(Dataset items)
—————

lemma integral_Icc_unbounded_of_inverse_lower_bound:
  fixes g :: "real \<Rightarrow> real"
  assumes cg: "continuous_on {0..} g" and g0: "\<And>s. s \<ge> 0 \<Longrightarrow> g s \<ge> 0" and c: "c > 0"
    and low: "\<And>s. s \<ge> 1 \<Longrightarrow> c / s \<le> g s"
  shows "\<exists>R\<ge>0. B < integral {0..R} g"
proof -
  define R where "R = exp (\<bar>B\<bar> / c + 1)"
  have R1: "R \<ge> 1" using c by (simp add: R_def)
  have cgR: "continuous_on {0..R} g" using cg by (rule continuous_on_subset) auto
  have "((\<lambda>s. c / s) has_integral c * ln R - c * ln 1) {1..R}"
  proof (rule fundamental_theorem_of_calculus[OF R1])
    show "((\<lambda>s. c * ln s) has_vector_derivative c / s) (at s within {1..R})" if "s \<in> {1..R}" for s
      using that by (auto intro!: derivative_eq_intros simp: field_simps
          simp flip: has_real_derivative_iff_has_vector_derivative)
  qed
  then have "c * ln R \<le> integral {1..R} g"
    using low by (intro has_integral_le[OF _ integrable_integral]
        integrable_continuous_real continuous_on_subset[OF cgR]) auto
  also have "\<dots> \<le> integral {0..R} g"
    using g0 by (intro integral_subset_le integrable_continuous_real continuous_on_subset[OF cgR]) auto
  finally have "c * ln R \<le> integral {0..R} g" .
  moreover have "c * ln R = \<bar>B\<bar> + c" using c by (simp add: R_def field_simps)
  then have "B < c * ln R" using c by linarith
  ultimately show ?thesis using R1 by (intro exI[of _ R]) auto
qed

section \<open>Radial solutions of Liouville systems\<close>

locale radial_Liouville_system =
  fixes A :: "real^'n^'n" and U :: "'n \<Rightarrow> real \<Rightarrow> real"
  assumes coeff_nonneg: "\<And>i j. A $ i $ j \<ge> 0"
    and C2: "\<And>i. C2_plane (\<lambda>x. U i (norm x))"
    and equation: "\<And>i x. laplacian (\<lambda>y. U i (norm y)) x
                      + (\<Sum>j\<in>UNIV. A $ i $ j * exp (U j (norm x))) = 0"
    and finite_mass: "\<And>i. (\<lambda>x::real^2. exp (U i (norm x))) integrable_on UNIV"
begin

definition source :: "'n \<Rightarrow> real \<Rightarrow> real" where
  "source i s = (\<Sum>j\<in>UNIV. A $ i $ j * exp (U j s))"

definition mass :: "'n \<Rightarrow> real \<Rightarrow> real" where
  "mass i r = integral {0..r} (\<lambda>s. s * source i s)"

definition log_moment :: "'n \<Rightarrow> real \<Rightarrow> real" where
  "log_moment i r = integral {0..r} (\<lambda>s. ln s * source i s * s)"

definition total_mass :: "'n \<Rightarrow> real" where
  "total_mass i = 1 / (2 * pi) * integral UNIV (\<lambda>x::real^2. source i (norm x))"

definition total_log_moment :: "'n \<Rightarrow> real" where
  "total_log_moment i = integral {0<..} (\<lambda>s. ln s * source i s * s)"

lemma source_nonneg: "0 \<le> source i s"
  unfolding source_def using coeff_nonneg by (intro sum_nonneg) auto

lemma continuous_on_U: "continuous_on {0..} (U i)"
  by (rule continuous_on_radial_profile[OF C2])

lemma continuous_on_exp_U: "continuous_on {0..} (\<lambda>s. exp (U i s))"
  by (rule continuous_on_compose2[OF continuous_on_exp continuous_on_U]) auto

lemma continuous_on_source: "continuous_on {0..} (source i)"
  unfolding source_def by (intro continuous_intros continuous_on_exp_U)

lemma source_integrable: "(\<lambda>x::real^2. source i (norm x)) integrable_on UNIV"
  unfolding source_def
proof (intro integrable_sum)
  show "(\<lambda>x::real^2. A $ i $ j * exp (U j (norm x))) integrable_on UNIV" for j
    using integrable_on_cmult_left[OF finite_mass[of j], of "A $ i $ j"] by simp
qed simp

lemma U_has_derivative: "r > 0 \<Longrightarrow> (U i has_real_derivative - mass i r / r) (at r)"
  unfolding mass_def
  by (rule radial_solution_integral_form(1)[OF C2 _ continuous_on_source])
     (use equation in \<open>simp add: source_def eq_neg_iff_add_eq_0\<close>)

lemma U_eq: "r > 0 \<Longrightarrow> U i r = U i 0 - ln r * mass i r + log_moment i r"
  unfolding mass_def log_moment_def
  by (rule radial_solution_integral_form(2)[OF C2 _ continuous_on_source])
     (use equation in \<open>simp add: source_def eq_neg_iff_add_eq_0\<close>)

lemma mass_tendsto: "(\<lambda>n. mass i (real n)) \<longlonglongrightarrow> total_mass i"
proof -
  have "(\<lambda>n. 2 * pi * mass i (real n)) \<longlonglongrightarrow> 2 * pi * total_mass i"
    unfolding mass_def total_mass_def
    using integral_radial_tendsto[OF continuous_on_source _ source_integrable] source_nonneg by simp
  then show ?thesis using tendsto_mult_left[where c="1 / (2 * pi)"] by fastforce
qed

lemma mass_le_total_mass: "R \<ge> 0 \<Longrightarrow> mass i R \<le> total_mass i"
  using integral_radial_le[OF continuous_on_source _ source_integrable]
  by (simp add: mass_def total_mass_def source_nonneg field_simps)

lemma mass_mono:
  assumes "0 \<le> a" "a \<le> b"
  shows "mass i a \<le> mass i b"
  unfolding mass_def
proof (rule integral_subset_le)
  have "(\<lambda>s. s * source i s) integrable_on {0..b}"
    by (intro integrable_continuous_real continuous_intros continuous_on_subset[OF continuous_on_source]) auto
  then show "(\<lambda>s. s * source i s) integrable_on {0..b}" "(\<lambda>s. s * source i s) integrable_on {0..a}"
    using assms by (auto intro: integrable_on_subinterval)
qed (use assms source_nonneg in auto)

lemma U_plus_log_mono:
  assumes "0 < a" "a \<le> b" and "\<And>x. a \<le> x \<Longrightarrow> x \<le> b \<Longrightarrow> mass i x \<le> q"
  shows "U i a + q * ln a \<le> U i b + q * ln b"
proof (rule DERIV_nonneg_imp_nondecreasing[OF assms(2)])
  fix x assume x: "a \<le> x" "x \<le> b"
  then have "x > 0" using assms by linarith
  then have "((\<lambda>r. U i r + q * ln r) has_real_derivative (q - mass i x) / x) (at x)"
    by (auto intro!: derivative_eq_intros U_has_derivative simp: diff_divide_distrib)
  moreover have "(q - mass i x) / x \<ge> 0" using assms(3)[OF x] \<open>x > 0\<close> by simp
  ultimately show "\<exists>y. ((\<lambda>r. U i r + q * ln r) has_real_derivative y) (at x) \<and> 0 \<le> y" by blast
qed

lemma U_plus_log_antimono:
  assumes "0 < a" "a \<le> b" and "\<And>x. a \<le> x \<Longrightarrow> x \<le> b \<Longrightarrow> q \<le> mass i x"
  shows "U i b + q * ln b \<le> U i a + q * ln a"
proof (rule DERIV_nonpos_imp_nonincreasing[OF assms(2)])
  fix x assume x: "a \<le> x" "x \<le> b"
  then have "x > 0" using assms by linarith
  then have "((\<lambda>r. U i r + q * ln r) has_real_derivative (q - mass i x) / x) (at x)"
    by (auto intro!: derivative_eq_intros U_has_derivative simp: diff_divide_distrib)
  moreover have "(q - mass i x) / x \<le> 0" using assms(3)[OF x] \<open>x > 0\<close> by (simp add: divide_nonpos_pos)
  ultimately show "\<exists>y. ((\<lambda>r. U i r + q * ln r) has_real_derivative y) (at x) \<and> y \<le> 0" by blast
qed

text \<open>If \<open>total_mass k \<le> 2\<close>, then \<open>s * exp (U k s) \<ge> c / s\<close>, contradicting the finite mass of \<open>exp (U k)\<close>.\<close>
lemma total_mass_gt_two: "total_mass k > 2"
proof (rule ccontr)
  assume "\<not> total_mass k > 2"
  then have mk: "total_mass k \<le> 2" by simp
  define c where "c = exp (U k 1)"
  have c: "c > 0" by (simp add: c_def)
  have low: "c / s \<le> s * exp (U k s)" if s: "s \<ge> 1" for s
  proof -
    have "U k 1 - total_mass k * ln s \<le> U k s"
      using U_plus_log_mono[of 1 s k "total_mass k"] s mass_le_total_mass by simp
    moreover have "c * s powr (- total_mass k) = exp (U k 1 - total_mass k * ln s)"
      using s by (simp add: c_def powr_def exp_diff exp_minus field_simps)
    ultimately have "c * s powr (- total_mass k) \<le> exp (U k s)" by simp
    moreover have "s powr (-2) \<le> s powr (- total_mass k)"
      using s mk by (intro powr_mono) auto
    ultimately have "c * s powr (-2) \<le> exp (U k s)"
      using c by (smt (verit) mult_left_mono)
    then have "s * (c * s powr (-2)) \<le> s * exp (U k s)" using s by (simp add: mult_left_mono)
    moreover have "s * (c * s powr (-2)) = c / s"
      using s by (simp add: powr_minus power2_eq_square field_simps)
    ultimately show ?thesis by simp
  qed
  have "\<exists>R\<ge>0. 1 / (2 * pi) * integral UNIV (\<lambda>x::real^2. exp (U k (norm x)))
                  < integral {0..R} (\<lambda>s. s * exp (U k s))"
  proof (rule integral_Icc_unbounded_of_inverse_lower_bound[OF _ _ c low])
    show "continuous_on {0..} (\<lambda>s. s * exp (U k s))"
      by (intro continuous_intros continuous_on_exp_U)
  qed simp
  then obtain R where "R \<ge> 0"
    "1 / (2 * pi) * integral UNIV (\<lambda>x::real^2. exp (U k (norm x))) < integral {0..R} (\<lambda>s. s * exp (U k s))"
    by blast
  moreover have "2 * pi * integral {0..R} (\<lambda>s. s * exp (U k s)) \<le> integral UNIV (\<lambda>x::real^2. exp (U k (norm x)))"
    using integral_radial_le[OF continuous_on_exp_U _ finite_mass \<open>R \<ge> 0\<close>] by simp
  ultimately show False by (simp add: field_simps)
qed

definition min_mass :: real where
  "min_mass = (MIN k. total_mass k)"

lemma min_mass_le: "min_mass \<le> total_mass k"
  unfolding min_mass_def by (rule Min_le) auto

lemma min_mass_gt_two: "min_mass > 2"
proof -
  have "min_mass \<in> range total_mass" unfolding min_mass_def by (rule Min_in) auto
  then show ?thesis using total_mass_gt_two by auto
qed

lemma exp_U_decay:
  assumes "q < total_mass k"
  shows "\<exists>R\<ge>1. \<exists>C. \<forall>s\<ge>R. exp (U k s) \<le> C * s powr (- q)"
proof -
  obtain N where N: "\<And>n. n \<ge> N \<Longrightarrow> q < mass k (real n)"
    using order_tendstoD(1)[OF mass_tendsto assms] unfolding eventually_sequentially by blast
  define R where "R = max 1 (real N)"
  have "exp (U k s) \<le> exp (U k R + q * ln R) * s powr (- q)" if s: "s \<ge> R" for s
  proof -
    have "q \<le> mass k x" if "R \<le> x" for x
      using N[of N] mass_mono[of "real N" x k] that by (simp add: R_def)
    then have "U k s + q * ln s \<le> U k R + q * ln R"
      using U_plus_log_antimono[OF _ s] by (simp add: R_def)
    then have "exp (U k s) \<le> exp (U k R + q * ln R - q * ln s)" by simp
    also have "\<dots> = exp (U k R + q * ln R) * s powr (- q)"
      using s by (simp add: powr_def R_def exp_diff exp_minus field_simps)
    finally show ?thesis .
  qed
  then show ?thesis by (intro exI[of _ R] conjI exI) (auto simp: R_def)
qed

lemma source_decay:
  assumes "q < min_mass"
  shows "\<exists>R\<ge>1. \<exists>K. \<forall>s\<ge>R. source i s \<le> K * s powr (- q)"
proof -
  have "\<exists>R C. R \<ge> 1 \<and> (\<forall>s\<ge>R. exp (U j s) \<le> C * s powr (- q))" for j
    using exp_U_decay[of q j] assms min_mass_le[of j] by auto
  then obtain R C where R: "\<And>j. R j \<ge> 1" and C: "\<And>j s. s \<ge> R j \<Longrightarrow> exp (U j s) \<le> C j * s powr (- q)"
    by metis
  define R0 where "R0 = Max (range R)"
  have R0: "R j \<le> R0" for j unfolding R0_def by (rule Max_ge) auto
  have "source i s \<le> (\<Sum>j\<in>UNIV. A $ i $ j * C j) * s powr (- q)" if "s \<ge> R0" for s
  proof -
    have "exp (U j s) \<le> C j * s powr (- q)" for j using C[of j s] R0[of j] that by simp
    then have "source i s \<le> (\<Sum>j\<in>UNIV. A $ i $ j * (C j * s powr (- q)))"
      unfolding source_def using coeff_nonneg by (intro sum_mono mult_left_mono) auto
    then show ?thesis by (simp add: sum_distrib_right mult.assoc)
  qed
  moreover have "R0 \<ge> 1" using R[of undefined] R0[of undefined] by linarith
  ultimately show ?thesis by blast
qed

—————

PROBLEM TO WORK ON: Retrieve every line above holding the word "also".

ANSWER FOR THIS EXERCISE:
  also have "\<dots> \<le> integral {0..R} g"
    also have "\<dots> = exp (U k R + q * ln R) * s powr (- q)"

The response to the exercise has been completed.